**REQUIRED WORK:**
Exactly as given, repeat all of the entries.

[Stored data]
**********

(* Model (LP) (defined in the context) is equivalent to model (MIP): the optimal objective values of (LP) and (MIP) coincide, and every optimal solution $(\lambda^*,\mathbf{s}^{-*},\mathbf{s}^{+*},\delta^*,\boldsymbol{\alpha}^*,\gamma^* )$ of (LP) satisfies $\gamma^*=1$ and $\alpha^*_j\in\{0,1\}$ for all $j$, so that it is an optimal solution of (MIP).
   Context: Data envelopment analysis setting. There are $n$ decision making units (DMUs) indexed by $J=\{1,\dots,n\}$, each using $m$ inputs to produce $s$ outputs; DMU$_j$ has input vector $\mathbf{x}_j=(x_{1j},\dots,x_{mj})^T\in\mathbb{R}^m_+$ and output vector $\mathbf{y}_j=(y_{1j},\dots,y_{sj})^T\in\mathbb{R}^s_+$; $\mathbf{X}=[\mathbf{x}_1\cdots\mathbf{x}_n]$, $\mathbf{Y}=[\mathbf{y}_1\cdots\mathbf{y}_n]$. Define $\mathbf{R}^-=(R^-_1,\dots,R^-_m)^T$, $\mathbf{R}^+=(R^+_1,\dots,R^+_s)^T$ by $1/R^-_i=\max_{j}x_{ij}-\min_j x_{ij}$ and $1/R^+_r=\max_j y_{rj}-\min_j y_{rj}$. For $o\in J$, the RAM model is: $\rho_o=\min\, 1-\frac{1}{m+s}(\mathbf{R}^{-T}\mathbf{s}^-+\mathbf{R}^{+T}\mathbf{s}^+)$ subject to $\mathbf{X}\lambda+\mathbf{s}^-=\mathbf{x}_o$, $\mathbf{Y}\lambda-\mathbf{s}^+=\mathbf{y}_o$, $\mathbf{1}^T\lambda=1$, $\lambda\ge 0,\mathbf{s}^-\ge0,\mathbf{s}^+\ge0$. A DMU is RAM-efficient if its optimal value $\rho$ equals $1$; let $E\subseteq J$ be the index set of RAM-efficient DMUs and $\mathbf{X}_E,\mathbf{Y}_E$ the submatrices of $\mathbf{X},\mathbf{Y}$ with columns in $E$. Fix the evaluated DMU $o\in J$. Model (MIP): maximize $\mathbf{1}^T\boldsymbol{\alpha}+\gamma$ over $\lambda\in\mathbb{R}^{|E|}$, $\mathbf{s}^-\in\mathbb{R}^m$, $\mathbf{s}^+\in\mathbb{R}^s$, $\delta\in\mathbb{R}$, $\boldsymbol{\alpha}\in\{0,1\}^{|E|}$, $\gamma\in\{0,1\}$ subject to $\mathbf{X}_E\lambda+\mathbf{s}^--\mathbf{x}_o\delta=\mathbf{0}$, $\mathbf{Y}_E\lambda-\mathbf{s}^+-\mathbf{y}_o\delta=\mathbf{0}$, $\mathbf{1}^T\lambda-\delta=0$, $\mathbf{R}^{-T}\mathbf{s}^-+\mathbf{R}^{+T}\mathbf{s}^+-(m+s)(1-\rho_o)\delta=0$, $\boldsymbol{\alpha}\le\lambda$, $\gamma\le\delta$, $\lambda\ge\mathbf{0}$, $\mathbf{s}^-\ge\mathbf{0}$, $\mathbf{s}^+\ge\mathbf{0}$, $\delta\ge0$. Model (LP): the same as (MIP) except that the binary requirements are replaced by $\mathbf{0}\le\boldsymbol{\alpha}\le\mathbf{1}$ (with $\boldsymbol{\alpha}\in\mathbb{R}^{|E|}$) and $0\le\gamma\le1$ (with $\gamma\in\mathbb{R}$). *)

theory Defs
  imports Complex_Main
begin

**********

**TASK OUTPUT:**
(* Model (LP) (defined in the context) is equivalent to model (MIP): the optimal objective values of (LP) and (MIP) coincide, and every optimal solution $(\lambda^*,\mathbf{s}^{-*},\mathbf{s}^{+*},\delta^*,\boldsymbol{\alpha}^*,\gamma^* )$ of (LP) satisfies $\gamma^*=1$ and $\alpha^*_j\in\{0,1\}$ for all $j$, so that it is an optimal solution of (MIP).
   Context: Data envelopment analysis setting. There are $n$ decision making units (DMUs) indexed by $J=\{1,\dots,n\}$, each using $m$ inputs to produce $s$ outputs; DMU$_j$ has input vector $\mathbf{x}_j=(x_{1j},\dots,x_{mj})^T\in\mathbb{R}^m_+$ and output vector $\mathbf{y}_j=(y_{1j},\dots,y_{sj})^T\in\mathbb{R}^s_+$; $\mathbf{X}=[\mathbf{x}_1\cdots\mathbf{x}_n]$, $\mathbf{Y}=[\mathbf{y}_1\cdots\mathbf{y}_n]$. Define $\mathbf{R}^-=(R^-_1,\dots,R^-_m)^T$, $\mathbf{R}^+=(R^+_1,\dots,R^+_s)^T$ by $1/R^-_i=\max_{j}x_{ij}-\min_j x_{ij}$ and $1/R^+_r=\max_j y_{rj}-\min_j y_{rj}$. For $o\in J$, the RAM model is: $\rho_o=\min\, 1-\frac{1}{m+s}(\mathbf{R}^{-T}\mathbf{s}^-+\mathbf{R}^{+T}\mathbf{s}^+)$ subject to $\mathbf{X}\lambda+\mathbf{s}^-=\mathbf{x}_o$, $\mathbf{Y}\lambda-\mathbf{s}^+=\mathbf{y}_o$, $\mathbf{1}^T\lambda=1$, $\lambda\ge 0,\mathbf{s}^-\ge0,\mathbf{s}^+\ge0$. A DMU is RAM-efficient if its optimal value $\rho$ equals $1$; let $E\subseteq J$ be the index set of RAM-efficient DMUs and $\mathbf{X}_E,\mathbf{Y}_E$ the submatrices of $\mathbf{X},\mathbf{Y}$ with columns in $E$. Fix the evaluated DMU $o\in J$. Model (MIP): maximize $\mathbf{1}^T\boldsymbol{\alpha}+\gamma$ over $\lambda\in\mathbb{R}^{|E|}$, $\mathbf{s}^-\in\mathbb{R}^m$, $\mathbf{s}^+\in\mathbb{R}^s$, $\delta\in\mathbb{R}$, $\boldsymbol{\alpha}\in\{0,1\}^{|E|}$, $\gamma\in\{0,1\}$ subject to $\mathbf{X}_E\lambda+\mathbf{s}^--\mathbf{x}_o\delta=\mathbf{0}$, $\mathbf{Y}_E\lambda-\mathbf{s}^+-\mathbf{y}_o\delta=\mathbf{0}$, $\mathbf{1}^T\lambda-\delta=0$, $\mathbf{R}^{-T}\mathbf{s}^-+\mathbf{R}^{+T}\mathbf{s}^+-(m+s)(1-\rho_o)\delta=0$, $\boldsymbol{\alpha}\le\lambda$, $\gamma\le\delta$, $\lambda\ge\mathbf{0}$, $\mathbf{s}^-\ge\mathbf{0}$, $\mathbf{s}^+\ge\mathbf{0}$, $\delta\ge0$. Model (LP): the same as (MIP) except that the binary requirements are replaced by $\mathbf{0}\le\boldsymbol{\alpha}\le\mathbf{1}$ (with $\boldsymbol{\alpha}\in\mathbb{R}^{|E|}$) and $0\le\gamma\le1$ (with $\gamma\in\mathbb{R}$). *)

theory Defs
  imports Complex_Main
begin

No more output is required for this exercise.